Using the material that follows, identify and copy each line with the string "longlongrightarrow".

[[ Given data open ]]

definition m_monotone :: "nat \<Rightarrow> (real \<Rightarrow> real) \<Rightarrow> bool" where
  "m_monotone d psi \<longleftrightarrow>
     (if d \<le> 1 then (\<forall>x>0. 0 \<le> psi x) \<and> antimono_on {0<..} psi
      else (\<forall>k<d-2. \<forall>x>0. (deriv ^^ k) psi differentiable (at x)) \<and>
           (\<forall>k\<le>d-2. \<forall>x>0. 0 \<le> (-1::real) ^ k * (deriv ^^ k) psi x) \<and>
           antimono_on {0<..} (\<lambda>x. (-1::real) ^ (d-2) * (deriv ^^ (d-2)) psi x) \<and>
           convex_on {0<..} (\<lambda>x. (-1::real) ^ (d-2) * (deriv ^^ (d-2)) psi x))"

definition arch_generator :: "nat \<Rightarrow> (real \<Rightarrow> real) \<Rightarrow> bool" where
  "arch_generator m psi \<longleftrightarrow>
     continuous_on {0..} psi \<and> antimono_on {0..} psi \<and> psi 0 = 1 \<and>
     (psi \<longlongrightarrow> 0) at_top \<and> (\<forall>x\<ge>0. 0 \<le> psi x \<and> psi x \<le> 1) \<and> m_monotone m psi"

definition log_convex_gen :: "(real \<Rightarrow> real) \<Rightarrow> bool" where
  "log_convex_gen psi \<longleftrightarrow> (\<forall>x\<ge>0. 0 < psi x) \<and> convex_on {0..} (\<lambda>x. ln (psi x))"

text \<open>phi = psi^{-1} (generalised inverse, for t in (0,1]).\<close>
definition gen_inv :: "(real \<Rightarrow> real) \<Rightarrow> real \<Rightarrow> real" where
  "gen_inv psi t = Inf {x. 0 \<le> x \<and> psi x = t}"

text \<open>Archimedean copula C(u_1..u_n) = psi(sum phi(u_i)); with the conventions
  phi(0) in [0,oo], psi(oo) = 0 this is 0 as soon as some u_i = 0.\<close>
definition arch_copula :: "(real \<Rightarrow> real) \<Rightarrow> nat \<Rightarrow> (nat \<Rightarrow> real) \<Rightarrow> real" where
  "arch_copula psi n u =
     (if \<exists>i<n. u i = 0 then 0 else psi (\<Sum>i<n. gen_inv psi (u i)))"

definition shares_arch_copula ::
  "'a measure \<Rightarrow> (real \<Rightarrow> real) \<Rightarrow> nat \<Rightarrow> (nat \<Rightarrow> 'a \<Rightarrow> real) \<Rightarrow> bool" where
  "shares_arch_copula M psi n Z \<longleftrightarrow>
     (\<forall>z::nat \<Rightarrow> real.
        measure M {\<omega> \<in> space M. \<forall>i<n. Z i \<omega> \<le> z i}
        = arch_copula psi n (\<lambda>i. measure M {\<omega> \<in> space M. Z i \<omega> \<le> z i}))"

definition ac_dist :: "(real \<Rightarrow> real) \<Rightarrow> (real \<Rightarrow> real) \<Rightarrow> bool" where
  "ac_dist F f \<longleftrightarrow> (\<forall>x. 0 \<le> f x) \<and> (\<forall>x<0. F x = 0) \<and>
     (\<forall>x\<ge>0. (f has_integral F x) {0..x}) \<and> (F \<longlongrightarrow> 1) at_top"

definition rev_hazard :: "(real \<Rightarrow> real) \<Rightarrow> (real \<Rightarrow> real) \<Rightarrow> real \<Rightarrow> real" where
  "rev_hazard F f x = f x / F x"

[[ Given data closed ]]

■ Answer section ■
     (psi \<longlongrightarrow> 0) at_top \<and> (\<forall>x\<ge>0. 0 \<le> psi x \<and> psi x \<le> 1) \<and> m_monotone m psi"
     (\<forall>x\<ge>0. (f has_integral F x) {0..x}) \<and> (F \<longlongrightarrow> 1) at_top"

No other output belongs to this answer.